4

I want to show that $f(x) = x^2$ is continuous at $x=4$

and here's how the proof goes:

$\forall\epsilon>0$, $\exists\delta>0$ s.t $\forall x$, $|x-4|<\delta$ $\implies |f(x)-16|<\epsilon$

So working backwards we get:

$$|f(x)-16|<\epsilon ⇔ |x^2 - 16| < \epsilon$$ $$⇔ |x+4||x-4| < \epsilon$$

Ideally we're trying to get it into this form: $|x-4|<\delta$

Since we can't divide $\epsilon$ by $|x+4|$ we need to control that term by assuming a priori that $\delta \le 1$

Here's where I have few questions:

  1. How do you control a term
  2. What are we ultimately trying to get by controlling the term by assuming a priori that $\delta \le 1$ (how's it going to help us proceed?)

If anyone can answer the above question as if I'm completely new to the idea of continuity and $\epsilon-\delta$ that would be really appreciated.

I think if I'm able to understand how to control a term and the purpose behind it(how's it going to help us in the end) than I think I might be able to finish the proof on my own.
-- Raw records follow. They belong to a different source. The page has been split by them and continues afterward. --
(* Let $G$ be a graph and $\mathscr{C}$ a group-theoretical graph category. Then for all $k,l\in\mathbb{N}_0$, $$\mathrm{span}\{\hat T^G_{\mathbf{K}}\mid\mathbf{K}\in\mathscr{C}(k,l)\}=\mathrm{span}\{T^G_{\mathbf{K}}\mid\mathbf{K}\in\mathscr{C}(k,l)\}.$$
   Context: Graphs are finite, undirected, without multiple edges, loops allowed, up to isomorphism; $N_k$ is the edgeless graph on $k$ vertices; graph homomorphisms map edges (including loops) to edges. Bilabelled graph: $(K,\mathbf{a},\mathbf{b})$ with $\mathbf{a}\in V(K)^k$, $\mathbf{b}\in V(K)^l$, up to isomorphism; $\mathscr{C}(k,l)$ denotes those in $\mathscr{C}$ with $k$ inputs and $l$ outputs. Operations: tensor product $(K,\mathbf{a},\mathbf{b})\otimes(H,\mathbf{c},\mathbf{d})=(K\sqcup H,\mathbf{a}\mathbf{c},\mathbf{b}\mathbf{d})$; composition (for $|\mathbf{b}|=|\mathbf{c}|$) $(H,\mathbf{c},\mathbf{d})\cdot(K,\mathbf{a},\mathbf{b})=(H\cdot K,\mathbf{a},\mathbf{d})$ with $H\cdot K$ the quotient of $K\sqcup H$ identifying $b_i$ with $c_i$; involution swaps $\mathbf{a},\mathbf{b}$. For a partition $\pi$ of $V(K)$, $K/\pi$ has the blocks as vertices, with an edge between two (possibly equal) blocks iff there is one in $K$ between some of their elements, and $(K,\mathbf{a},\mathbf{b})/\pi=(K/\pi,q_\pi(\mathbf{a}),q_\pi(\mathbf{b}))$. A graph category is a set of bilabelled graphs containing $(N_0,\emptyset,\emptyset)$, $(M,(v),(v))$ and $(M,\emptyset,(v,v))$ ($M$ the one-vertex loopless graph with vertex $v$) and closed under tensor products, compositions and involution; it is group-theoretical if it is closed under all quotients $\mathbf{K}\mapsto\mathbf{K}/\pi$. With the vertices of $G$ labelled $1,\dots,n$, $[T^G_{\mathbf{K}}]_{\mathbf{j}\mathbf{i}}=\#\{\phi\colon K\to G\text{ homomorphism}\mid\phi(\mathbf{a})=\mathbf{i},\phi(\mathbf{b})=\mathbf{j}\}$, and $\hat T^G_{\mathbf{K}}$ is defined the same way counting only injective homomorphisms; both are linear maps $(\mathbb{C}^n)^{\otimes k}\to(\mathbb{C}^n)^{\otimes l}$. *)

theory Defs
  imports Complex_Main "HOL-Library.FuncSet"
begin

text \<open>Bilabelled graphs: vertex set, symmetric edge relation (loops allowed),
input tuple and output tuple.\<close>
record 'v blg =
  verts :: "'v set"
  edges :: "('v \<times> 'v) set"
  inp :: "'v list"
  outp :: "'v list"

definition blg_wf :: "'v blg \<Rightarrow> bool" where
  "blg_wf K \<longleftrightarrow> finite (verts K) \<and> edges K \<subseteq> verts K \<times> verts K \<and> sym (edges K)
     \<and> set (inp K) \<subseteq> verts K \<and> set (outp K) \<subseteq> verts K"

definition blg_iso :: "'a blg \<Rightarrow> 'b blg \<Rightarrow> bool" where
  "blg_iso K H \<longleftrightarrow> (\<exists>f. bij_betw f (verts K) (verts H)
     \<and> (\<forall>x\<in>verts K. \<forall>y\<in>verts K. (x, y) \<in> edges K \<longleftrightarrow> (f x, f y) \<in> edges H)
     \<and> map f (inp K) = inp H \<and> map f (outp K) = outp H)"

definition blg_tensor :: "'a blg \<Rightarrow> 'b blg \<Rightarrow> ('a + 'b) blg" where
  "blg_tensor K H = \<lparr> verts = Inl ` verts K \<union> Inr ` verts H,
     edges = map_prod Inl Inl ` edges K \<union> map_prod Inr Inr ` edges H,
     inp = map Inl (inp K) @ map Inr (inp H),
     outp = map Inl (outp K) @ map Inr (outp H) \<rparr>"

definition blg_quot :: "'v blg \<Rightarrow> ('v \<times> 'v) set \<Rightarrow> 'v set blg" where
  "blg_quot K R = \<lparr> verts = verts K // R,
     edges = {(R `` {x}, R `` {y}) | x y. (x, y) \<in> edges K},
     inp = map (\<lambda>x. R `` {x}) (inp K),
     outp = map (\<lambda>x. R `` {x}) (outp K) \<rparr>"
Note: I don't want the complete proof for this question, but rather if someone can answer those questions above.

4 Answers4

2

If you assume $\delta < 1$, then you know that:

$$\begin{align*} |x-4|<\delta \\ \Rightarrow |x-4|<1 \\ \Rightarrow -1 < x-4 < 1 \\ \Rightarrow 3 < x < 5 \end{align*} $$

But then, we can determine what this means about $|x+4|$: $$\begin{align*} &\Rightarrow 7 < x+4 < 9 \\ &\Rightarrow |x+4| < 9 \end{align*} $$

So this means that if we assume $\delta<1$, we have:

$$|f(x)−16| = |x+4||x-4| < 9|x-4|$$

And if you let $\delta = \min\left(1,\frac{\epsilon}{9}\right)$, then:

$$|f(x)-16| < 9|x-4| < 9\left(\frac{\epsilon}{9}\right) = \epsilon$$

1

To control the factor $|x+4|$ we use the triangle inequality and the fact that $|x-4|<\delta$ so we have $$|x|-4\le|x-4|<\delta\Rightarrow |x|<4+\delta$$ and by assuming that $\delta\le1$ we find $$|x+4|\le |x|+4<8+\delta\le9$$ hence $$|x-4||x+4|<9|x-4|<\epsilon$$ and then we choose $\delta=\min\left(\frac\epsilon9,1\right)$ and the game is played.

0

We want to show that $|(x-4)(x+4)|$ can be made "small" by choosing $x$ suitably close to $4$. So the size of $|x-4|$ is under our control. The term $x+4$ could spoil things. However, if we say that in any case we will choose $|x-4|\lt 1$, then we know that $|x+4|$ will be less than $9$.

André Nicolas
  • 507,029
0

Notice that $|x-4|<\delta$ is equivalent to $4-\delta < x < 4+\delta$. Thus, if we add $4$ in every term of this inequality, we get $8-\delta<x+4<8+\delta$, so that $|x+4|<8+\delta$. Since we eventually want $|x+4||x-4|<\varepsilon$, we want $(8+\delta)(\delta)<\varepsilon$. If $\delta<1$, then $(8+\delta)(\delta)<9\delta$, and so $\delta<\min\{\varepsilon/9,1\}$ will do the trick.

Now we can write the whole proof:

Let us show that $f(x)=x^2$ is continuous at $x=4$. Let $\varepsilon>0$ be arbitrary. Then, there is $\delta=\min\{\varepsilon/9,1\}>0$ such that for all $|x+4|<\delta$ we have $$|f(x)-f(4)|=|x^2-16|=|x+4||x-4|< (8+\delta)(\delta)\leq 9\delta=9\min\{\varepsilon/9,1\}\leq 9\cdot \varepsilon/9=\varepsilon,$$ where we have used the fact that if $|x-4|<\delta$, then $|x+4|<8+\delta$, and the fact that $\delta<1$ and $\delta<\varepsilon/9$. Hence $|f(x)-f(4)|<\varepsilon$ for all $x$ with $|x-4|<\delta$, and the proof is finished.